AIM OF THE TASK ->
What is needed here is every line of the records that includes "else".
(GIVEN INFORMATION Opens)
(* Let $F^r$ be the free group of rank $r$ and $s_*\colon F^r\to F^r$ an endomorphism whose image $\mathrm{Im}\,s_*$ is free of rank $r$. Let $s_*^{ab}\colon\mathbb Z^r\to\mathbb Z^r$ be the induced endomorphism of the abelianisation. Then: (1) $\lim^1(s_* )^n$ is trivial if and only if $s_*$ is an isomorphism; (2) if $s_*^{ab}$ is not an isomorphism, then $\lim^1(s_* )^n$ is not trivial.
   Context: $\lim^1(s_* )^n$ denotes $\lim^1$ of the inverse sequence $\cdots\to F^r\xrightarrow{s_*}F^r\xrightarrow{s_*}F^r$. For an inverse sequence of groups $\cdots\to A_1\xrightarrow{a_1}A_0$, $\lim^1$ is the pointed set of classes of $\prod_nA_n$ under $(x_n)\approx(y_n)$ iff $y_n=g_nx_na_{n+1}(g_{n+1}^{-1})$ for some $(g_n)$, based at the class of the identity; trivial means a single point. *)

theory Defs
  imports "HOL-Algebra.Algebra"
begin

text \<open>Free group of rank r: reduced words over letters (b, i) with i < r;
  (False, i) is the generator x_i and (True, i) its inverse.\<close>

type_synonym letter = "bool \<times> nat"

definition inv_letter :: "letter \<Rightarrow> letter" where
  "inv_letter x = (\<not> fst x, snd x)"

fun reduced :: "letter list \<Rightarrow> bool" where
  "reduced [] = True"
| "reduced [x] = True"
| "reduced (x # y # ys) = (y \<noteq> inv_letter x \<and> reduced (y # ys))"

fun cons_red :: "letter \<Rightarrow> letter list \<Rightarrow> letter list" where
  "cons_red x [] = [x]"
| "cons_red x (y # ys) = (if y = inv_letter x then ys else x # y # ys)"

definition reduce :: "letter list \<Rightarrow> letter list" where
  "reduce w = foldr cons_red w []"

definition free_group :: "nat \<Rightarrow> letter list monoid" where
  "free_group r = \<lparr> carrier = {w. reduced w \<and> (\<forall>x\<in>set w. snd x < r)},
                    monoid.mult = (\<lambda>u v. reduce (u @ v)),
                    one = [] \<rparr>"

text \<open>Abelianisation F^r \<rightarrow> Z^r (exponent sums), with Z^r = functions vanishing at indices \<ge> r.\<close>

definition Zr :: "nat \<Rightarrow> (nat \<Rightarrow> int) set" where
  "Zr r = {v. \<forall>i\<ge>r. v i = 0}"

definition ab :: "letter list \<Rightarrow> nat \<Rightarrow> int" where
  "ab w i = sum_list (map (\<lambda>x. if snd x = i then (if fst x then -1 else 1) else 0) w)"

text \<open>Induced endomorphism of the abelianisation: the unique homomorphism Z^r \<rightarrow> Z^r
  sending the basis vector e_j = ab(x_j) to ab(s(x_j)).\<close>

definition s_ab :: "nat \<Rightarrow> (letter list \<Rightarrow> letter list) \<Rightarrow> (nat \<Rightarrow> int) \<Rightarrow> nat \<Rightarrow> int" where
  "s_ab r s v = (\<lambda>i. if i < r then (\<Sum>j<r. v j * ab (s [(False, j)]) i) else 0)"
(GIVEN INFORMATION Closes)
EXERCISE ANSWER ->
| "cons_red x (y # ys) = (if y = inv_letter x then ys else x # y # ys)"
  "ab w i = sum_list (map (\<lambda>x. if snd x = i then (if fst x then -1 else 1) else 0) w)"
  "s_ab r s v = (\<lambda>i. if i < r then (\<Sum>j<r. v j * ab (s [(False, j)]) i) else 0)"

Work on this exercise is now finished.